■ Data listing:
section \<open>Spreading zeros along a legal sequence\<close>

text \<open>At the infimum c of the times in \<open>[t0, t]\<close> at which y is not 0, y is still 0 (its left
  value is 0 and no 1-clock rings), and right-continuity keeps it 0 a little longer.\<close>

lemma kcm_zero_persists:
  assumes K: "kcm_traj U P0 P1 \<eta>" and zero: "\<eta> t0 y = 0"
    and no_one: "\<forall>t\<in>P1 y. \<not> (t0 < t \<and> t \<le> T)"
    and "t0 \<le> t" "t \<le> T"
  shows "\<eta> t y = 0"
proof (rule ccontr)
  assume nonzero: "\<eta> t y \<noteq> 0"
  define S where "S = {r. t0 \<le> r \<and> r \<le> t \<and> \<eta> r y \<noteq> 0}"
  define c where "c = Inf S"
  have "t \<in> S" using assms nonzero by (simp add: S_def)
  have bdd: "bdd_below S" by (auto simp: S_def bdd_below_def)
  have c_le: "c \<le> r" if "r \<in> S" for r using bdd that by (simp add: c_def cInf_lower)
  have "t0 \<le> c" using \<open>t \<in> S\<close> by (auto simp: c_def S_def intro!: cInf_greatest)
  have zero_before: "\<eta> r y = 0" if "t0 \<le> r" "r < c" for r
    using c_le[of r] c_le[OF \<open>t \<in> S\<close>] that by (force simp: S_def)
  have zero_at: "\<eta> c y = 0"
  proof (cases "c = t0")
    case False
    then have "t0 < c" using \<open>t0 \<le> c\<close> by simp
    then have "left_val \<eta> y c 0"
      unfolding left_val_def using zero_before by (intro exI[of _ "c - t0"]) auto
    moreover have "c \<notin> P1 y" using no_one \<open>t0 < c\<close> c_le[OF \<open>t \<in> S\<close>] \<open>t \<le> T\<close> by auto
    ultimately show ?thesis using K unfolding kcm_traj_def by auto
  qed (use zero in simp)
  obtain \<epsilon> where "\<epsilon> > 0" and right: "\<forall>r. c \<le> r \<and> r < c + \<epsilon> \<longrightarrow> \<eta> r y = \<eta> c y"
    using K unfolding kcm_traj_def by blast
  have "c + \<epsilon> \<le> Inf S"
  proof (rule cInf_greatest)
    show "S \<noteq> {}" using \<open>t \<in> S\<close> by auto
    fix r assume "r \<in> S"
    then show "c + \<epsilon> \<le> r" using c_le[of r] right zero_at by (force simp: S_def)
  qed
  then show False using \<open>\<epsilon> > 0\<close> by (simp add: c_def)
qed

■ What to produce: Copy out, word for word, only the lines from the one with "S\<close> by auto" through the last line of the material above.

■ Result of this exercise:
    show "S \<noteq> {}" using \<open>t \<in> S\<close> by auto
    fix r assume "r \<in> S"
    then show "c + \<epsilon> \<le> r" using c_le[of r] right zero_at by (force simp: S_def)
  qed
  then show False using \<open>\<epsilon> > 0\<close> by (simp add: c_def)
qed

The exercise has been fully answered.